Try it => Each entry is to be transcribed exactly, with nothing added or dropped.

Dataset content =>
lemma root_path_eqI: "x \<in> V \<Longrightarrow> path_betw E r x xs \<Longrightarrow> root_path x = xs"
  unfolding root_path_def using path_betw_unique by blast

lemma root_path_betw: "x \<in> V \<Longrightarrow> path_betw E r x (root_path x)"
  using connected[OF root_in_V] root_path_eqI by blast

lemma root_path_ne: "x \<in> V \<Longrightarrow> root_path x \<noteq> []"
  and root_path_last: "x \<in> V \<Longrightarrow> last (root_path x) = x"
  and root_path_hd: "x \<in> V \<Longrightarrow> hd (root_path x) = r"
  and root_path_is_path: "x \<in> V \<Longrightarrow> is_path E (root_path x)"
  using root_path_betw unfolding path_betw_def is_path_def by auto

lemma root_path_subset_V: "x \<in> V \<Longrightarrow> set (root_path x) \<subseteq> V"
  using path_subset_V root_path_is_path root_path_hd root_in_V by metis

lemma mem_subtree_iff: "x \<in> subtree V E r u \<longleftrightarrow> x \<in> V \<and> u \<in> set (root_path x)"
  unfolding subtree_def using on_path_iff[OF root_path_betw] by auto

lemma root_path_prefix:
  assumes "x \<in> V" "v \<in> set (root_path x)"
  shows "\<exists>s. root_path x = root_path v @ s"
proof -
  obtain p1 p2 where p: "root_path x = (p1 @ [v]) @ p2"
    using assms(2) by (metis split_list append_assoc append_Cons append_Nil)
  moreover have "is_path E (p1 @ [v])"
    using root_path_is_path[OF assms(1)] p is_path_appendD(1) by (metis snoc_eq_iff_butlast)
  ultimately have "path_betw E r v (p1 @ [v])"
    using root_path_hd[OF assms(1)] unfolding path_betw_def by (cases p1) auto
  then have "root_path v = p1 @ [v]"
    using root_path_eqI root_path_subset_V assms by blast
  then show ?thesis using p by auto
qed

lemma root_path_adjacent:
  assumes "z \<in> V" "z' \<in> V" "(z, z') \<in> E"
  shows "root_path z' = root_path z @ [z'] \<or> root_path z = root_path z' @ [z]"
proof (cases "z' \<in> set (root_path z)")
  case False
  then have "path_betw E r z' (root_path z @ [z'])"
    using assms root_path_is_path root_path_hd root_path_last root_path_ne
    unfolding path_betw_def by (simp add: is_path_snoc)
  then show ?thesis using root_path_eqI assms(2) by blast
next
  case True
  then obtain s where s: "root_path z = root_path z' @ s" using root_path_prefix assms(1) by blast
  have "z \<noteq> z'" using assms(3) irrefl_E by (auto simp: irrefl_def)
  then have "s \<noteq> []" "last s = z"
    using s root_path_last assms(1,2) by (metis append_Nil2 last_appendR)+
  have "root_path z = butlast (root_path z') @ (z' # s)"
    using s root_path_ne[OF assms(2)] root_path_last[OF assms(2)]
    by (metis append_assoc append_butlast_last_id append_Cons append_Nil)
  then have "is_path E (z' # s)"
    using root_path_is_path[OF assms(1)] is_path_appendD(2) by (metis list.distinct(1))
  then have "length (z' # s) < 3"
    using acyclic assms(3) \<open>s \<noteq> []\<close> \<open>last s = z\<close> by fastforce
  then have "s = [z]" using \<open>s \<noteq> []\<close> \<open>last s = z\<close> by (cases s) auto
  then show ?thesis using s by blast
qed

lemma adjacent_subtree:
  assumes "x \<in> subtree V E r v - {v}" "(x, y) \<in> E"
  shows "y \<in> subtree V E r v"
proof -
  have "x \<in> V" "y \<in> V" "v \<in> set (root_path x)" using assms E_subset mem_subtree_iff by auto
  then show ?thesis
    using root_path_adjacent[OF _ _ assms(2)] assms(1) by (auto simp: mem_subtree_iff)
qed

lemma path_leaving_subtree:
  "is_path E q \<Longrightarrow> hd q \<in> subtree V E r v - {v} \<Longrightarrow> last q \<notin> subtree V E r v - {v}
    \<Longrightarrow> v \<in> set q"
proof (induction q)
  case (Cons x q)
  show ?case
  proof (cases q)
    case (Cons y q')
    then have "(x, y) \<in> E" "is_path E q"
      using Cons.prems(1) by (auto simp: is_path_iff_successively)
    then have "y \<in> subtree V E r v" using adjacent_subtree Cons.prems(2) by simp
    then show ?thesis using Cons.IH Cons.prems \<open>is_path E q\<close> \<open>q = y # q'\<close> by auto
  qed (use Cons.prems in simp)
qed (simp add: is_path_def)

lemma on_path_leaving_subtree:
  assumes "a \<in> subtree V E r v - {v}" "b \<in> V" "b \<notin> subtree V E r v - {v}"
  shows "on_path E a b v"
proof -
  obtain q where "path_betw E a b q"
    using connected assms(1,2) by (auto simp: subtree_def)
  then show ?thesis
    using path_leaving_subtree assms unfolding on_path_def path_betw_def by blast
qed

lemma root_path_length_less:
  assumes "b \<in> subtree V E r a - {a}"
  shows "length (root_path a) < length (root_path b)"
proof -
  have b: "b \<in> V" "a \<in> set (root_path b)" "b \<noteq> a" using assms mem_subtree_iff by auto
  then obtain s where s: "root_path b = root_path a @ s" using root_path_prefix by blast
  have "a \<in> V" using b root_path_subset_V by blast
  then have "s \<noteq> []"
    using s b root_path_last by (metis append_Nil2)
  then show ?thesis using s by simp
qed

lemma proper_subtree_trans:
  assumes "z \<in> subtree V E r v - {v}" "x \<in> subtree V E r z"
  shows "x \<in> subtree V E r v - {v}"
proof -
  have "x \<in> subtree V E r v" using assms root_path_prefix by (fastforce simp: mem_subtree_iff)
  moreover have "x \<noteq> v"
  proof
    assume "x = v"
    then obtain s where "root_path v = root_path z @ s"
      using assms(2) root_path_prefix mem_subtree_iff by blast
    then show False using root_path_length_less[OF assms(1)] by simp
  qed
  ultimately show ?thesis by blast
qed

end

lemma igreater_ishift_ishift: "igreater (ishift I c) (ishift J c) \<longleftrightarrow> igreater I J"
  by (simp add: igreater_def ishift_def)

lemma igreater_ishiftI: "igreater I J \<Longrightarrow> igreater (ishift I c) J"
  by (simp add: igreater_def ishift_def)

lemma igreater_trans: "igreater I J \<Longrightarrow> fst J < snd J \<Longrightarrow> igreater J K \<Longrightarrow> igreater I K"
  by (simp add: igreater_def)

lemma iinter_ishift_ishift: "iinter (ishift I c) (ishift J c) \<longleftrightarrow> iinter I J"
  by (auto simp: iinter_def ishift_def)

lemma iinter_commute: "iinter I J \<longleftrightarrow> iinter J I"
  by (auto simp: iinter_def)

lemma ilen_ishift: "ilen (ishift I c) = ilen I"
  by (simp add: ilen_def ishift_def)

locale lifted_strategy = rooted_tree V E r for V E r +
  fixes w :: "'a \<Rightarrow> nat" and f :: "'a \<Rightarrow> nat \<times> nat" and R :: "'a set" and c :: nat
  assumes ext_f: "ext_strategy V E w f"
    and R_dominates: "v \<in> R \<Longrightarrow> x \<in> subtree V E r v - {v} \<Longrightarrow> igreater (f v) (f x)"
begin

definition kept :: "'a set" where
  "kept = (\<Union>v\<in>R. subtree V E r v - {v})"

definition lifted :: "'a \<Rightarrow> nat \<times> nat" where
  "lifted u = (if u \<in> kept then f u else ishift (f u) c)"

Task solution =>
lemma root_path_eqI: "x \<in> V \<Longrightarrow> path_betw E r x xs \<Longrightarrow> root_path x = xs"
  unfolding root_path_def using path_betw_unique by blast

lemma root_path_betw: "x \<in> V \<Longrightarrow> path_betw E r x (root_path x)"
  using connected[OF root_in_V] root_path_eqI by blast

lemma root_path_ne: "x \<in> V \<Longrightarrow> root_path x \<noteq> []"
  and root_path_last: "x \<in> V \<Longrightarrow> last (root_path x) = x"
  and root_path_hd: "x \<in> V \<Longrightarrow> hd (root_path x) = r"
  and root_path_is_path: "x \<in> V \<Longrightarrow> is_path E (root_path x)"
  using root_path_betw unfolding path_betw_def is_path_def by auto

lemma root_path_subset_V: "x \<in> V \<Longrightarrow> set (root_path x) \<subseteq> V"
  using path_subset_V root_path_is_path root_path_hd root_in_V by metis

lemma mem_subtree_iff: "x \<in> subtree V E r u \<longleftrightarrow> x \<in> V \<and> u \<in> set (root_path x)"
  unfolding subtree_def using on_path_iff[OF root_path_betw] by auto

lemma root_path_prefix:
  assumes "x \<in> V" "v \<in> set (root_path x)"
  shows "\<exists>s. root_path x = root_path v @ s"
proof -
  obtain p1 p2 where p: "root_path x = (p1 @ [v]) @ p2"
    using assms(2) by (metis split_list append_assoc append_Cons append_Nil)
  moreover have "is_path E (p1 @ [v])"
    using root_path_is_path[OF assms(1)] p is_path_appendD(1) by (metis snoc_eq_iff_butlast)
  ultimately have "path_betw E r v (p1 @ [v])"
    using root_path_hd[OF assms(1)] unfolding path_betw_def by (cases p1) auto
  then have "root_path v = p1 @ [v]"
    using root_path_eqI root_path_subset_V assms by blast
  then show ?thesis using p by auto
qed

lemma root_path_adjacent:
  assumes "z \<in> V" "z' \<in> V" "(z, z') \<in> E"
  shows "root_path z' = root_path z @ [z'] \<or> root_path z = root_path z' @ [z]"
proof (cases "z' \<in> set (root_path z)")
  case False
  then have "path_betw E r z' (root_path z @ [z'])"
    using assms root_path_is_path root_path_hd root_path_last root_path_ne
    unfolding path_betw_def by (simp add: is_path_snoc)
  then show ?thesis using root_path_eqI assms(2) by blast
next
  case True
  then obtain s where s: "root_path z = root_path z' @ s" using root_path_prefix assms(1) by blast
  have "z \<noteq> z'" using assms(3) irrefl_E by (auto simp: irrefl_def)
  then have "s \<noteq> []" "last s = z"
    using s root_path_last assms(1,2) by (metis append_Nil2 last_appendR)+
  have "root_path z = butlast (root_path z') @ (z' # s)"
    using s root_path_ne[OF assms(2)] root_path_last[OF assms(2)]
    by (metis append_assoc append_butlast_last_id append_Cons append_Nil)
  then have "is_path E (z' # s)"
    using root_path_is_path[OF assms(1)] is_path_appendD(2) by (metis list.distinct(1))
  then have "length (z' # s) < 3"
    using acyclic assms(3) \<open>s \<noteq> []\<close> \<open>last s = z\<close> by fastforce
  then have "s = [z]" using \<open>s \<noteq> []\<close> \<open>last s = z\<close> by (cases s) auto
  then show ?thesis using s by blast
qed

lemma adjacent_subtree:
  assumes "x \<in> subtree V E r v - {v}" "(x, y) \<in> E"
  shows "y \<in> subtree V E r v"
proof -
  have "x \<in> V" "y \<in> V" "v \<in> set (root_path x)" using assms E_subset mem_subtree_iff by auto
  then show ?thesis
    using root_path_adjacent[OF _ _ assms(2)] assms(1) by (auto simp: mem_subtree_iff)
qed

lemma path_leaving_subtree:
  "is_path E q \<Longrightarrow> hd q \<in> subtree V E r v - {v} \<Longrightarrow> last q \<notin> subtree V E r v - {v}
    \<Longrightarrow> v \<in> set q"
proof (induction q)
  case (Cons x q)
  show ?case
  proof (cases q)
    case (Cons y q')
    then have "(x, y) \<in> E" "is_path E q"
      using Cons.prems(1) by (auto simp: is_path_iff_successively)
    then have "y \<in> subtree V E r v" using adjacent_subtree Cons.prems(2) by simp
    then show ?thesis using Cons.IH Cons.prems \<open>is_path E q\<close> \<open>q = y # q'\<close> by auto
  qed (use Cons.prems in simp)
qed (simp add: is_path_def)

lemma on_path_leaving_subtree:
  assumes "a \<in> subtree V E r v - {v}" "b \<in> V" "b \<notin> subtree V E r v - {v}"
  shows "on_path E a b v"
proof -
  obtain q where "path_betw E a b q"
    using connected assms(1,2) by (auto simp: subtree_def)
  then show ?thesis
    using path_leaving_subtree assms unfolding on_path_def path_betw_def by blast
qed

lemma root_path_length_less:
  assumes "b \<in> subtree V E r a - {a}"
  shows "length (root_path a) < length (root_path b)"
proof -
  have b: "b \<in> V" "a \<in> set (root_path b)" "b \<noteq> a" using assms mem_subtree_iff by auto
  then obtain s where s: "root_path b = root_path a @ s" using root_path_prefix by blast
  have "a \<in> V" using b root_path_subset_V by blast
  then have "s \<noteq> []"
    using s b root_path_last by (metis append_Nil2)
  then show ?thesis using s by simp
qed

lemma proper_subtree_trans:
  assumes "z \<in> subtree V E r v - {v}" "x \<in> subtree V E r z"
  shows "x \<in> subtree V E r v - {v}"
proof -
  have "x \<in> subtree V E r v" using assms root_path_prefix by (fastforce simp: mem_subtree_iff)
  moreover have "x \<noteq> v"
  proof
    assume "x = v"
    then obtain s where "root_path v = root_path z @ s"
      using assms(2) root_path_prefix mem_subtree_iff by blast
    then show False using root_path_length_less[OF assms(1)] by simp
  qed
  ultimately show ?thesis by blast
qed

end

lemma igreater_ishift_ishift: "igreater (ishift I c) (ishift J c) \<longleftrightarrow> igreater I J"
  by (simp add: igreater_def ishift_def)

lemma igreater_ishiftI: "igreater I J \<Longrightarrow> igreater (ishift I c) J"
  by (simp add: igreater_def ishift_def)

lemma igreater_trans: "igreater I J \<Longrightarrow> fst J < snd J \<Longrightarrow> igreater J K \<Longrightarrow> igreater I K"
  by (simp add: igreater_def)

lemma iinter_ishift_ishift: "iinter (ishift I c) (ishift J c) \<longleftrightarrow> iinter I J"
  by (auto simp: iinter_def ishift_def)

lemma iinter_commute: "iinter I J \<longleftrightarrow> iinter J I"
  by (auto simp: iinter_def)

lemma ilen_ishift: "ilen (ishift I c) = ilen I"
  by (simp add: ilen_def ishift_def)

locale lifted_strategy = rooted_tree V E r for V E r +
  fixes w :: "'a \<Rightarrow> nat" and f :: "'a \<Rightarrow> nat \<times> nat" and R :: "'a set" and c :: nat
  assumes ext_f: "ext_strategy V E w f"
    and R_dominates: "v \<in> R \<Longrightarrow> x \<in> subtree V E r v - {v} \<Longrightarrow> igreater (f v) (f x)"
begin

definition kept :: "'a set" where
  "kept = (\<Union>v\<in>R. subtree V E r v - {v})"

definition lifted :: "'a \<Rightarrow> nat \<times> nat" where
  "lifted u = (if u \<in> kept then f u else ishift (f u) c)"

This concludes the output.